ARTIST AND MULTIMEDIA CREATOR CANNUPA HANSKA LUGER COMES

TO THE MUSEUM IN JULY as the Hammersley Foundation Visiting Artist. His current project, Future Ancestral Technologies, is a multimedia installation project that approaches Indigenous futurism, blending media, place, storytelling, and documentation of a living practice. It will be installed in the Museum lobby in July and will be on display for one year.

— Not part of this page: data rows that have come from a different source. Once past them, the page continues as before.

(* Let $T$ be a countable tree with at least one vertex of infinite degree, and let $H$ be a countable graph in which every vertex has infinite degree. Then for every $v\in V(H)$, $H$ contains a subgraph isomorphic to $T$ whose vertex set contains $N_H(v)$.
   Context: $N_H(v)$ denotes the set of neighbors of $v$ in $H$. *)

theory Defs
  imports Main "HOL-Library.Countable_Set"
begin

definition graph :: "'a set \<Rightarrow> ('a \<Rightarrow> 'a \<Rightarrow> bool) \<Rightarrow> bool" where
  "graph V E \<longleftrightarrow> (\<forall>x y. E x y \<longrightarrow> x \<in> V \<and> y \<in> V \<and> x \<noteq> y \<and> E y x)"

definition neighbors :: "'a set \<Rightarrow> ('a \<Rightarrow> 'a \<Rightarrow> bool) \<Rightarrow> 'a \<Rightarrow> 'a set" where
  "neighbors V E v = {u \<in> V. E v u}"

definition infinite_degree :: "'a set \<Rightarrow> ('a \<Rightarrow> 'a \<Rightarrow> bool) \<Rightarrow> 'a \<Rightarrow> bool" where
  "infinite_degree V E v \<longleftrightarrow> infinite (neighbors V E v)"

definition connected_graph :: "'a set \<Rightarrow> ('a \<Rightarrow> 'a \<Rightarrow> bool) \<Rightarrow> bool" where
  "connected_graph V E \<longleftrightarrow> V \<noteq> {} \<and> (\<forall>x\<in>V. \<forall>y\<in>V. E\<^sup>*\<^sup>* x y)"

definition is_cycle :: "('a \<Rightarrow> 'a \<Rightarrow> bool) \<Rightarrow> 'a list \<Rightarrow> bool" where
  "is_cycle E cs \<longleftrightarrow> length cs \<ge> 3 \<and> distinct cs \<and>
     (\<forall>i. Suc i < length cs \<longrightarrow> E (cs ! i) (cs ! Suc i)) \<and> E (last cs) (hd cs)"

definition tree :: "'a set \<Rightarrow> ('a \<Rightarrow> 'a \<Rightarrow> bool) \<Rightarrow> bool" where
  "tree V E \<longleftrightarrow> graph V E \<and> connected_graph V E \<and> (\<nexists>cs. is_cycle E cs)"

text \<open>H = (VH, EH) contains a subgraph isomorphic to T = (VT, ET) whose vertex set
is f ` VT: f is injective on VT and maps edges to edges.\<close>
definition subgraph_embedding ::
  "'b set \<Rightarrow> ('b \<Rightarrow> 'b \<Rightarrow> bool) \<Rightarrow> 'a set \<Rightarrow> ('a \<Rightarrow> 'a \<Rightarrow> bool) \<Rightarrow> ('b \<Rightarrow> 'a) \<Rightarrow> bool" where
  "subgraph_embedding VT ET VH EH f \<longleftrightarrow> inj_on f VT \<and> f ` VT \<subseteq> VH \<and>
     (\<forall>x\<in>VT. \<forall>y\<in>VT. ET x y \<longrightarrow> EH (f x) (f y))"

end

theory Submission
  imports Defs "HOL-Library.Transitive_Closure_Table"
begin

Future Ancestral Technologies’ overall narrative stems from the themes of science fiction, genetic memory, and reclaiming indigeneity. This new installation of an ongoing narrative offers multiple points of entry into an undetermined moment in the future, engaging the viewer in an innovative life-based art installation that dreams of survival and solutions. The Museum’s installation will play on the nature of home and how we imagine it in the future.

Luger, a multi-disciplinary artist of Mandan, Hidatsa, Arikara, Lakota, and European descent, was raised on the Standing Rock Reservation. He now lives in Glorieta, where his studio includes a kiln, clay, ceramics and woodworking tools, a sewing machine, fabric, and found afghans he is using to construct futuristic regalia pieces. These serve to anchor a theme in the installation and are both traditional and futuristic in their design and construction.

The project also consists of art objects, videos, and performance, imagining a post-apocalyptic time through an indigenous lens. Some of the work is land-based and site-specific, using traditional crafts and ritual, and yet re-envisions art practice to create indigenous culture and stories that thrive in the future. Using social collaboration, Luger produces multi-pronged projects that provoke diverse publics to engage with Indigenous peoples and values apart from the lens of colonial social structuring. Luger lectures and participates in residencies and projects around the globe and his work is collected internationally. He is a 2020 Creative Capital Award recipient, a 2019 Joan Mitchell Foundation Painters & Sculptors Grant recipient and the recipient of the 2018 Museum of Arts and Design’s inaugural Burke Prize.